HOW TO COMPLETE THIS TASK. From the material beneath, pull every line with the word "proof".

PROVIDED DATA.
lemma morse_predecomposition_M_union:
  assumes fin: "finite (topspace X)" and mvf: "multivector_field X V"
    and inv: "invariant X V (topspace X)" and pd: "morse_predecomposition X V P M"
    and sccs: "\<And>C. C \<in> Q \<Longrightarrow> scc (G_edge X V M) P C" and cover: "\<Union>Q = P"
  shows "morse_predecomposition X V Q (M_union X V P M)"
  unfolding morse_predecomposition_def
proof (intro conjI ballI allI impI)
  fix A B assume "A \<in> Q" "B \<in> Q" "A \<noteq> B"
  show "M_union X V P M A \<inter> M_union X V P M B = {}"
  proof (rule equals0I)
    fix x assume "x \<in> M_union X V P M A \<inter> M_union X V P M B"
    then have "A = B" by (intro M_union_disjoint[OF inv mvf sccs[OF \<open>A \<in> Q\<close>] sccs[OF \<open>B \<in> Q\<close>]]) auto
    with \<open>A \<noteq> B\<close> show False ..
  qed
next
  fix A
  show "isolated_invariant X V (M_union X V P M A)"
    using isolated_invariant_if_path_convex[OF mvf M_union_subset_topspace invariant_M_union
        path_convex_M_union[OF inv mvf]] .
next
  fix \<gamma> assume "essential_in X V (topspace X) \<gamma>"
  then obtain A B p q where "A \<in> Q" "B \<in> Q" "p \<in> A" "q \<in> B" "p \<in> P" "q \<in> P"
    and link: "is_link X V (M p) (M q) \<gamma>"
    by (rule essential_link_between_classes[OF pd cover])
  note M_subset_M_union[OF fin pd \<open>p \<in> P\<close> \<open>p \<in> A\<close>] M_subset_M_union[OF fin pd \<open>q \<in> P\<close> \<open>q \<in> B\<close>]
  then have "is_link X V (M_union X V P M A) (M_union X V P M B) \<gamma>"
    using link unfolding is_link_def by blast
  then show "\<exists>A\<in>Q. \<exists>B\<in>Q. is_link X V (M_union X V P M A) (M_union X V P M B) \<gamma>"
    using \<open>A \<in> Q\<close> \<open>B \<in> Q\<close> by blast
qed

lemma saturated_M_union:
  assumes fin: "finite (topspace X)" and mvf: "multivector_field X V"
    and inv: "invariant X V (topspace X)" and pd: "morse_predecomposition X V P M"
    and sccs: "\<And>C. C \<in> Q \<Longrightarrow> scc (G_edge X V M) P C" and cover: "\<Union>Q = P"
    and "A \<in> Q"
  shows "saturated X V (M_union X V P M A)"
  unfolding saturated_def
proof (intro conjI allI impI)
  show "invariant X V (M_union X V P M A)" by (rule invariant_M_union)
  fix \<gamma> assume \<gamma>: "essential_in X V (topspace X) \<gamma> \<and>
    alpha_lim X V \<gamma> \<union> omega_lim X V \<gamma> \<subseteq> M_union X V P M A"
  then have "essential_in X V (topspace X) \<gamma>" by blast
  then obtain A' B' p q where "A' \<in> Q" "B' \<in> Q" "p \<in> A'" "q \<in> B'" "p \<in> P" "q \<in> P"
    and "is_link X V (M p) (M q) \<gamma>"
    by (rule essential_link_between_classes[OF pd cover])
  then obtain x z where x: "x \<in> alpha_lim X V \<gamma>" "x \<in> M p" and z: "z \<in> omega_lim X V \<gamma>" "z \<in> M q"
    unfolding is_link_def by blast
  have "alpha_lim X V \<gamma> \<union> omega_lim X V \<gamma> \<subseteq> M_union X V P M A"
    using \<gamma> by (rule conjunct2)
  then have "x \<in> M_union X V P M A" "z \<in> M_union X V P M A" using x(1) z(1) by auto
  moreover have "x \<in> M_union X V P M A'" "z \<in> M_union X V P M B'"
    using M_subset_M_union[OF fin pd \<open>p \<in> P\<close> \<open>p \<in> A'\<close>] M_subset_M_union[OF fin pd \<open>q \<in> P\<close> \<open>q \<in> B'\<close>]
      x(2) z(2) by auto
  ultimately have "A' = A" "B' = A"
    using M_union_disjoint[OF inv mvf sccs[OF \<open>A' \<in> Q\<close>] sccs[OF \<open>A \<in> Q\<close>], of x]
      M_union_disjoint[OF inv mvf sccs[OF \<open>B' \<in> Q\<close>] sccs[OF \<open>A \<in> Q\<close>], of z] by blast+
  then have "p \<in> A" "q \<in> A" using \<open>p \<in> A'\<close> \<open>q \<in> B'\<close> by simp_all
  moreover have "p \<in> P_of P M (alpha_lim X V \<gamma>)" "q \<in> P_of P M (omega_lim X V \<gamma>)"
    using x z \<open>p \<in> P\<close> \<open>q \<in> P\<close> unfolding P_of_def by auto
  ultimately have "P_of P M (alpha_lim X V \<gamma>) \<inter> A \<noteq> {}" "P_of P M (omega_lim X V \<gamma>) \<inter> A \<noteq> {}"
    by auto
  then have "\<gamma> \<in> eSol X V P M A" using \<gamma> unfolding eSol_def by simp
  then show "range \<gamma> \<subseteq> M_union X V P M A" by (rule range_subset_M_union)
qed

lemma admissible_preorder_scc_reach:
  assumes fin: "finite (topspace X)" and mvf: "multivector_field X V"
    and inv: "invariant X V (topspace X)"
    and sccs: "\<And>C. C \<in> Q \<Longrightarrow> scc (G_edge X V M) P C" and "{} \<notin> Q"
  shows "admissible_preorder X V Q (M_union X V P M) (scc_reach (G_edge X V M) P Q)"
  unfolding admissible_preorder_def
proof (intro conjI ballI impI)
  show "scc_reach (G_edge X V M) P Q \<subseteq> Q \<times> Q" unfolding scc_reach_def by blast
  show "refl_on Q (scc_reach (G_edge X V M) P Q)" using \<open>{} \<notin> Q\<close> by (rule refl_on_scc_reach)
  show "trans (scc_reach (G_edge X V M) P Q)" using sccs by (rule trans_scc_reach)
  fix A B assume "A \<in> Q" "B \<in> Q" "\<exists>\<gamma>. is_link X V (M_union X V P M A) (M_union X V P M B) \<gamma>"
  then obtain \<gamma> y z where "full_solution X V \<gamma>"
    and y: "y \<in> alpha_lim X V \<gamma>" "y \<in> M_union X V P M A"
    and z: "z \<in> omega_lim X V \<gamma>" "z \<in> M_union X V P M B"
    unfolding is_link_def by blast
  then have "(y, z) \<in> (Pi_V_rel X V)\<^sup>*" using alpha_lim_reaches_omega_lim[OF fin mvf] by blast
  moreover obtain \<delta>1 \<delta>2 s t where \<delta>: "\<delta>1 \<in> eSol X V P M A" "\<delta>1 s = y" "\<delta>2 \<in> eSol X V P M B" "\<delta>2 t = z"
    using y(2) z(2) unfolding mem_M_union_iff by blast
  ultimately obtain p q where "p \<in> A" "q \<in> B" "(p, q) \<in> (edges_within (G_edge X V M) P)\<^sup>*"
    using eSol_reach_imp_G_reach[OF inv mvf \<delta>(1,3), of s t] by auto
  then show "(B, A) \<in> scc_reach (G_edge X V M) P Q"
    using \<open>A \<in> Q\<close> \<open>B \<in> Q\<close> unfolding scc_reach_def by blast
qed

theorem corollary4p14:
  fixes X :: "'a topology" and V :: "'a set set" and P :: "'p set" and M :: "'p \<Rightarrow> 'a set"
    and Q :: "'p set set"
  assumes "finite (topspace X)" and "t0_space X"
    and "multivector_field X V"
    and "invariant X V (topspace X)"
    and "morse_predecomposition X V P M"
    and "Q = {C. scc (G_edge X V M) P C}"
    and "is_partition Q P"
  shows "morse_decomposition X V Q (M_union X V P M)"
proof -
  have sccs: "\<And>C. C \<in> Q \<Longrightarrow> scc (G_edge X V M) P C" using assms(6) by simp
  have cover: "\<Union>Q = P" and nonempty: "{} \<notin> Q"
    using assms(7) unfolding is_partition_def by simp_all
  have "morse_predecomposition X V Q (M_union X V P M)"
    by (rule morse_predecomposition_M_union[OF assms(1,3,4,5) sccs cover])
  moreover have "saturated X V (M_union X V P M A)" if "A \<in> Q" for A
    by (rule saturated_M_union[OF assms(1,3,4,5) sccs cover that])
  moreover have "admissible_preorder X V Q (M_union X V P M) (scc_reach (G_edge X V M) P Q)"
    by (rule admissible_preorder_scc_reach[OF assms(1,3,4) sccs nonempty])
  moreover have "antisym (scc_reach (G_edge X V M) P Q)"
    by (rule antisym_scc_reach[OF sccs])
  ultimately show ?thesis unfolding morse_decomposition_def by blast
qed

end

THE ANSWER.
proof (intro conjI ballI allI impI)
  proof (rule equals0I)
proof (intro conjI allI impI)
proof (intro conjI ballI impI)
proof -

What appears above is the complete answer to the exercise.